=== Entries shown ===
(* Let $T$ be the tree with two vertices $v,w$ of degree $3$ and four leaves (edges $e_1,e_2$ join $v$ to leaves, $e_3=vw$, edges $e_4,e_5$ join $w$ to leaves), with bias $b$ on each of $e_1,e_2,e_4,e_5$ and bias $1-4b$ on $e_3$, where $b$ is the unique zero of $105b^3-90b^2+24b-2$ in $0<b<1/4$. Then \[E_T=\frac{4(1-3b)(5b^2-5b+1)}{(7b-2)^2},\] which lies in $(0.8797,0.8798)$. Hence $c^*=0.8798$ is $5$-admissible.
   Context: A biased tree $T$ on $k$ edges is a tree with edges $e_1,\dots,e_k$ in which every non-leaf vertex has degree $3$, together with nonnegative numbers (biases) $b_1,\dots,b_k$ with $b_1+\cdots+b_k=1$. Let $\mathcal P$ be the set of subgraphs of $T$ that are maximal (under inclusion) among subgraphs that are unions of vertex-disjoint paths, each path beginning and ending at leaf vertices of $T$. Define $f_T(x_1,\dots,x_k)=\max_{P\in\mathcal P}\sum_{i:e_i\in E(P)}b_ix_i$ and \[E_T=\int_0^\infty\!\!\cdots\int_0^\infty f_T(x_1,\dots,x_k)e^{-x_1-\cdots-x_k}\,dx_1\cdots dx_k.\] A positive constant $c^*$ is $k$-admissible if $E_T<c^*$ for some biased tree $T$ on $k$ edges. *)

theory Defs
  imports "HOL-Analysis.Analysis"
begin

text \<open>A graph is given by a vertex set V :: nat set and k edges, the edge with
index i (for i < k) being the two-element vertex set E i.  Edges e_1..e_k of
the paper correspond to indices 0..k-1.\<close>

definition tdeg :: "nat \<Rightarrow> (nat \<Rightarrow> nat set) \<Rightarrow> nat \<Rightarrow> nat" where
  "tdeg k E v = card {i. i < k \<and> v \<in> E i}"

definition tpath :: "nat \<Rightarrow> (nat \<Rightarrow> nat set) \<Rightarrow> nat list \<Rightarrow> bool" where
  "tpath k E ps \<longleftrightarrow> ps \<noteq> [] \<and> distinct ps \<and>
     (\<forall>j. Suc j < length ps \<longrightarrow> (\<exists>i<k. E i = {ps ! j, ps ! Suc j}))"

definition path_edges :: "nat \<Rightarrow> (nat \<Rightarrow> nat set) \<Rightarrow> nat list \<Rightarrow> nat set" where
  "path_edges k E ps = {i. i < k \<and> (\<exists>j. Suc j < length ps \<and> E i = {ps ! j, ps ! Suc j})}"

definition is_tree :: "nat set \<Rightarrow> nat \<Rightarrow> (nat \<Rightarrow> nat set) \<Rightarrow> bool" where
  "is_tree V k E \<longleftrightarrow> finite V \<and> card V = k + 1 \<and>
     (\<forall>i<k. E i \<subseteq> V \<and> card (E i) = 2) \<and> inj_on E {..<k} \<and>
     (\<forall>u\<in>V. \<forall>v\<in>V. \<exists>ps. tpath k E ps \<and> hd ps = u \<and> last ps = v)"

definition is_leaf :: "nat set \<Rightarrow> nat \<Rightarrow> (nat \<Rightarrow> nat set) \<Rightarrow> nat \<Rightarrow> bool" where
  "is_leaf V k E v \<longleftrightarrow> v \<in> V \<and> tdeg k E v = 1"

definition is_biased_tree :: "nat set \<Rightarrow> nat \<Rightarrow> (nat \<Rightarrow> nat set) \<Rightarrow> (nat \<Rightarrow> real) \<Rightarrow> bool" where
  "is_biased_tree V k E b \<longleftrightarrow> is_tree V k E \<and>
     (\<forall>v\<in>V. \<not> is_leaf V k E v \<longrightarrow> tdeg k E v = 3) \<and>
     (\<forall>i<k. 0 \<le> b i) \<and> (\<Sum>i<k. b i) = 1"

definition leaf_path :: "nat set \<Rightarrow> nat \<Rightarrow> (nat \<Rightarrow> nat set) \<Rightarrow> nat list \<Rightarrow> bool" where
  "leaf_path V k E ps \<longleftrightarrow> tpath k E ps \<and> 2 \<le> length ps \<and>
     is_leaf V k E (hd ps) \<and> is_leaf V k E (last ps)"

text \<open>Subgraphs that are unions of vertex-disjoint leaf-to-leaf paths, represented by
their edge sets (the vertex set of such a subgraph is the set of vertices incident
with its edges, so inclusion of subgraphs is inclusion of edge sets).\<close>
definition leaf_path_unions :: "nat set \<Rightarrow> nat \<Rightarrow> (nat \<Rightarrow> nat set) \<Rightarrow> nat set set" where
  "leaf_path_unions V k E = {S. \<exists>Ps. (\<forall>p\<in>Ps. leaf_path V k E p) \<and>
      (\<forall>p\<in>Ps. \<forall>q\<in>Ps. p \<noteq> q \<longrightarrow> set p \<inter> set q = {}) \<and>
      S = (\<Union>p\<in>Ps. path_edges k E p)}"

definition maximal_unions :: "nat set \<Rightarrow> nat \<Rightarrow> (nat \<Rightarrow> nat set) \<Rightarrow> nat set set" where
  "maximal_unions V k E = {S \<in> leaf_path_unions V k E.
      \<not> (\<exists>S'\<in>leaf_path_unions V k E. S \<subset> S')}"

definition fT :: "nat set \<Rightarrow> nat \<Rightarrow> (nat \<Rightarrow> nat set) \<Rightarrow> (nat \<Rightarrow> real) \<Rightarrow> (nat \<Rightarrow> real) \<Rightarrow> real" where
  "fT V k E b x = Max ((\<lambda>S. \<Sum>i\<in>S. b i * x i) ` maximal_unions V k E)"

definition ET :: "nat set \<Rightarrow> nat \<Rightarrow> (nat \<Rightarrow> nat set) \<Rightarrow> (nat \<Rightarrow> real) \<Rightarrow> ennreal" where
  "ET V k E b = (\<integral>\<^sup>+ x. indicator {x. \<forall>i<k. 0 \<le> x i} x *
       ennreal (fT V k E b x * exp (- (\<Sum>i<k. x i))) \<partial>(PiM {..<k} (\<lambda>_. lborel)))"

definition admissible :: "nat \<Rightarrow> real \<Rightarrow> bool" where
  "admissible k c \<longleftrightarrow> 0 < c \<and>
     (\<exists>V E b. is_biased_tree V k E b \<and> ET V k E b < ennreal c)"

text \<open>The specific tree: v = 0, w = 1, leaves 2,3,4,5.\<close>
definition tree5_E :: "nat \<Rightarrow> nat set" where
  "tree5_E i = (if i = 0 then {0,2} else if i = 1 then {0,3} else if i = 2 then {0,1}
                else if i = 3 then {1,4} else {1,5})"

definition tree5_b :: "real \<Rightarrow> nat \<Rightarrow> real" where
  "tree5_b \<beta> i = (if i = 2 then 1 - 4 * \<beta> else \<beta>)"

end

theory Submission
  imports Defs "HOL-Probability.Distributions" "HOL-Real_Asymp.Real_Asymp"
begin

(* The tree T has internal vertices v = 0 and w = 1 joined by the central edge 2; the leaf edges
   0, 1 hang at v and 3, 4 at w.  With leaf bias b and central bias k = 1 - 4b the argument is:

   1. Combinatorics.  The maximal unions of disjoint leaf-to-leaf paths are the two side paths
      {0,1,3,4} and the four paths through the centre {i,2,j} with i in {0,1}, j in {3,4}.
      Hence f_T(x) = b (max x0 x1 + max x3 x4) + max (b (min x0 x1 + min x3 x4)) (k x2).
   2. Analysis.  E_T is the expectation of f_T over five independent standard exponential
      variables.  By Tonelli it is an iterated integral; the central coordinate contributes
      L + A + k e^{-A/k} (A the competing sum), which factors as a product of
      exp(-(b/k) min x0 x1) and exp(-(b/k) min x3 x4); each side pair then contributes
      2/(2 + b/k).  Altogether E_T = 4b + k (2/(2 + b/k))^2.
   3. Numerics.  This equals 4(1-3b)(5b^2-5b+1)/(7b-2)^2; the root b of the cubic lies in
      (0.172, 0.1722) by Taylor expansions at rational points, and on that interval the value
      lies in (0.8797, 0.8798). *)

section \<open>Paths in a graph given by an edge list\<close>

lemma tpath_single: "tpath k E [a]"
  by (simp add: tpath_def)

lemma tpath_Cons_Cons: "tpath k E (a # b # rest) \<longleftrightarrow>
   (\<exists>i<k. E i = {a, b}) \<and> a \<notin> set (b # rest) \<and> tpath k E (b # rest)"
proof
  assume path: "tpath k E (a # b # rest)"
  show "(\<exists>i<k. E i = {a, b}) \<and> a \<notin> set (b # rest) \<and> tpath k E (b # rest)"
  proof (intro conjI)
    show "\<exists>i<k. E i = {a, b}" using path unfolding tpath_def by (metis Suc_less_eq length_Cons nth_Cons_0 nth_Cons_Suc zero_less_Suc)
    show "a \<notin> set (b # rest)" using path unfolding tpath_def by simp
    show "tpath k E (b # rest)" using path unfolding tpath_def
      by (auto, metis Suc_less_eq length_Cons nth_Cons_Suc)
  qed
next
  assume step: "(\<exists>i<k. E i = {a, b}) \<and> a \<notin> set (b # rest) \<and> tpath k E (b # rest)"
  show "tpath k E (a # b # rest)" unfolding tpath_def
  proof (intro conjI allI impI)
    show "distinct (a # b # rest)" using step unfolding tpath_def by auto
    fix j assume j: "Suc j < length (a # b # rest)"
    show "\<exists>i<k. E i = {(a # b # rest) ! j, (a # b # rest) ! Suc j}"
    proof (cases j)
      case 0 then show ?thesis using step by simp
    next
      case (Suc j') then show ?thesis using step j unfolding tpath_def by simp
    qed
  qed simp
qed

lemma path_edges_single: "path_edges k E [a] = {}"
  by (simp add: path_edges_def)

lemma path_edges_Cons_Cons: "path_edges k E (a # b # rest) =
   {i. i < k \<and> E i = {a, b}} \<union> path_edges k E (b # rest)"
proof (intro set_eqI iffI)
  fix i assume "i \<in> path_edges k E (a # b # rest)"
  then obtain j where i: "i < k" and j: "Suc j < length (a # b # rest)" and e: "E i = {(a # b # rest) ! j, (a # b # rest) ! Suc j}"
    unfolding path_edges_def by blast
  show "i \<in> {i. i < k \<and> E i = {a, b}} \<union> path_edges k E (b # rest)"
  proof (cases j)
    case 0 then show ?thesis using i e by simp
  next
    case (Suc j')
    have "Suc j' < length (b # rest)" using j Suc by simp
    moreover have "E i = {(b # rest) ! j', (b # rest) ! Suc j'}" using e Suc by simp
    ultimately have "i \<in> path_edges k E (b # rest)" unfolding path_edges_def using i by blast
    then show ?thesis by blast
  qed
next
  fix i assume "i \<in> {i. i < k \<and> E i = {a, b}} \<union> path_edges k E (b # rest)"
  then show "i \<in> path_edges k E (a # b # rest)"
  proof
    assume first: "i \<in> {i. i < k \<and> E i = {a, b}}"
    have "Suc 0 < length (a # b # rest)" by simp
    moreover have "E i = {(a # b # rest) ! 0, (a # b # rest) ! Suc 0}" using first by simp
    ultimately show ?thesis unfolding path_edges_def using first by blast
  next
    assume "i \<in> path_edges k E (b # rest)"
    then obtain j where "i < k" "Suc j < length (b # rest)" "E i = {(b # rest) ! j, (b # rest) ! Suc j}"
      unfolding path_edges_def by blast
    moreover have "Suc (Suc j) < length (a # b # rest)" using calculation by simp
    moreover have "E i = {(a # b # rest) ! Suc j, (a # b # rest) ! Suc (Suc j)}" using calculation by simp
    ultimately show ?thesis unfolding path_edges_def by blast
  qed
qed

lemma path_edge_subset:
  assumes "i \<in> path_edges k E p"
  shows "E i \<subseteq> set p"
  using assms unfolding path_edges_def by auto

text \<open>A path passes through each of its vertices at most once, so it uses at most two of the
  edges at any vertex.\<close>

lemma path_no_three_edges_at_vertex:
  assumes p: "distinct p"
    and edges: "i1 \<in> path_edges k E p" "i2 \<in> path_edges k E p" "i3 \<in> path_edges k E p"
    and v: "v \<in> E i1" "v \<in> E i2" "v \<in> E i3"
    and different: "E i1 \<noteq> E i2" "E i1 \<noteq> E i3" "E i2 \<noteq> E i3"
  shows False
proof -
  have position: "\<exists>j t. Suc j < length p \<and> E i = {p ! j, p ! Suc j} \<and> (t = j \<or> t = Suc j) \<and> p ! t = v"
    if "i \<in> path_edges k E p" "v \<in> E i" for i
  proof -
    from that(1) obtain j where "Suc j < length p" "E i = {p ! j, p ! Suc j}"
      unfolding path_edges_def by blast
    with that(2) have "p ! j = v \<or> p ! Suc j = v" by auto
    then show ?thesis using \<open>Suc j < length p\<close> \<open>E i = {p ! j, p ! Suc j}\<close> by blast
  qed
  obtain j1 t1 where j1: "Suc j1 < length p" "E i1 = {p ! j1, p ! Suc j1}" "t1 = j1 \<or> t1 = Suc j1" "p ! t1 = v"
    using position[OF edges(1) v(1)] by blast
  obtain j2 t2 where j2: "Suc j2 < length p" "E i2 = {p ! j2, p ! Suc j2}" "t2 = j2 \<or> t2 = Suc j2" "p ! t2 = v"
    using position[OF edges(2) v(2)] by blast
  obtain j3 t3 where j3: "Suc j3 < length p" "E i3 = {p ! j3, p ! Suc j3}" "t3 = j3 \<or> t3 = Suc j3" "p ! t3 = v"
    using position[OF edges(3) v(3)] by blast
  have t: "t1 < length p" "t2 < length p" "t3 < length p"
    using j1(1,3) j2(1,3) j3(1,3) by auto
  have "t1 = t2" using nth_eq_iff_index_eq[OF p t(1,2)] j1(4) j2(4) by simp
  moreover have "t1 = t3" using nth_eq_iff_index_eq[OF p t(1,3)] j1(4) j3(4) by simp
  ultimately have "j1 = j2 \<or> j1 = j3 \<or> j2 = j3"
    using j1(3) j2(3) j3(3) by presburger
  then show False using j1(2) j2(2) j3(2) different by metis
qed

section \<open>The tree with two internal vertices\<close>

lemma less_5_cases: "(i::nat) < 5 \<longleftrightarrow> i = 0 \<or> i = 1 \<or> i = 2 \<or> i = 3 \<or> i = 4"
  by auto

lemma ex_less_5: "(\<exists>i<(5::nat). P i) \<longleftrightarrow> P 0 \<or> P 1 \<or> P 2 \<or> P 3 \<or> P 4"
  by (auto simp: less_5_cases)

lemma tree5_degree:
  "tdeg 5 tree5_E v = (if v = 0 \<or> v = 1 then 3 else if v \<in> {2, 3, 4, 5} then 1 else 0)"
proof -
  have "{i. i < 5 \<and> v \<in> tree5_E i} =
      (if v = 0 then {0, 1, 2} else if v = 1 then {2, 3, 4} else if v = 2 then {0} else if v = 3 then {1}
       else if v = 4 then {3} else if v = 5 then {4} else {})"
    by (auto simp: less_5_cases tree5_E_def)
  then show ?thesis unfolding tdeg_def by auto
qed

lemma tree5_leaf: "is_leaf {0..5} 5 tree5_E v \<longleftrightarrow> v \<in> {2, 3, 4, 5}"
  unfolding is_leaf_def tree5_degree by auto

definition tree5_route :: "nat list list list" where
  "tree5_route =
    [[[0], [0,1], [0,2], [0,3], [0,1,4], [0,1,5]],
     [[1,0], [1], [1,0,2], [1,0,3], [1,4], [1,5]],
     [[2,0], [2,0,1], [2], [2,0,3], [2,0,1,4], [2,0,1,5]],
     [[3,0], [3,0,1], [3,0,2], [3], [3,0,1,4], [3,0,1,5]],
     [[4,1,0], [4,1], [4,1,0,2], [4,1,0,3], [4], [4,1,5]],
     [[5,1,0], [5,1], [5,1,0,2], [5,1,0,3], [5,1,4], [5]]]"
===
=== Entries shown ===
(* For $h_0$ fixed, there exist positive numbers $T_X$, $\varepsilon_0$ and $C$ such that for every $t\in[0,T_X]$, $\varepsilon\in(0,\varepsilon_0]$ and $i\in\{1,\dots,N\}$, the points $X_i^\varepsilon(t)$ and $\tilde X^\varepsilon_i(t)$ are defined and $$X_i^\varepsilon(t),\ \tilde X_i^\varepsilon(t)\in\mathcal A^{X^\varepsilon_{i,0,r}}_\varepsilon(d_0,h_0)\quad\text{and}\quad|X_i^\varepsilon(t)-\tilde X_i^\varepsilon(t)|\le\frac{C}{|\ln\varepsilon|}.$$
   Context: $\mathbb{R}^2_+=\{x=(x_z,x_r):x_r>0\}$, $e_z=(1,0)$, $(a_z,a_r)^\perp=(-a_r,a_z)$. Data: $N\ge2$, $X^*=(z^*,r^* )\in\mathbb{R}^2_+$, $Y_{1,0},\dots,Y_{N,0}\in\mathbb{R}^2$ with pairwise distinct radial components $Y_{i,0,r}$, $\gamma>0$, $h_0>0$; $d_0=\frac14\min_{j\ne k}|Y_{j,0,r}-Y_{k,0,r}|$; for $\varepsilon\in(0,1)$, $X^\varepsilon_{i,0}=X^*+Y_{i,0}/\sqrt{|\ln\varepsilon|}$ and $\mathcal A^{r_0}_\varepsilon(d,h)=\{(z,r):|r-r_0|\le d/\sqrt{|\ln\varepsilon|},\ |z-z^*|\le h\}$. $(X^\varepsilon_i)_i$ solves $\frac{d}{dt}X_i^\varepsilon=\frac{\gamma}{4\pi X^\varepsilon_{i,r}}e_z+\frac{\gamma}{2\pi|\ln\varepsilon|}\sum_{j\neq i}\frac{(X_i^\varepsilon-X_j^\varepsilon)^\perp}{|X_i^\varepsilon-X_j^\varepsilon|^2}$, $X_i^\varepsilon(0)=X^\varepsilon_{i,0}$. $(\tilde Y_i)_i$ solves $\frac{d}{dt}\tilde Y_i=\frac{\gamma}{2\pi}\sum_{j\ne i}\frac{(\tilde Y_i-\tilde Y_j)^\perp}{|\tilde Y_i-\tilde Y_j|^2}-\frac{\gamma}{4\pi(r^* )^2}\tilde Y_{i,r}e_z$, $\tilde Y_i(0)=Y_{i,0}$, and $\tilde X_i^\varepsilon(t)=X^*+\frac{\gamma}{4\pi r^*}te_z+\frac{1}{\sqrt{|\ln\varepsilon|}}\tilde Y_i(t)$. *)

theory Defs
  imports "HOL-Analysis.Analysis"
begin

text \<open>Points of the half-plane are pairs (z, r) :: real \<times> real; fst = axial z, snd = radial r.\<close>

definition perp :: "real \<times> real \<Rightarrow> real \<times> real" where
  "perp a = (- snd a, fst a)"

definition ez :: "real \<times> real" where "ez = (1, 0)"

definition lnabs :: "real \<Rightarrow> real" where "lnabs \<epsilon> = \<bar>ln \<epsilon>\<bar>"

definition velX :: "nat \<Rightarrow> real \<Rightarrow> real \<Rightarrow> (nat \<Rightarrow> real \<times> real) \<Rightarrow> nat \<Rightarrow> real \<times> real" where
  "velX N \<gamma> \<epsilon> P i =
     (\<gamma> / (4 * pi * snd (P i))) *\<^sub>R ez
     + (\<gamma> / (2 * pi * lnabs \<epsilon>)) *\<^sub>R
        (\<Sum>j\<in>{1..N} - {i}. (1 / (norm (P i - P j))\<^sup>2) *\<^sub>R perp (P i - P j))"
===
● Exercise instructions
Each line above where the word "velX" occurs should be returned in full.

● Exercise answer
definition velX :: "nat \<Rightarrow> real \<Rightarrow> real \<Rightarrow> (nat \<Rightarrow> real \<times> real) \<Rightarrow> nat \<Rightarrow> real \<times> real" where
  "velX N \<gamma> \<epsilon> P i =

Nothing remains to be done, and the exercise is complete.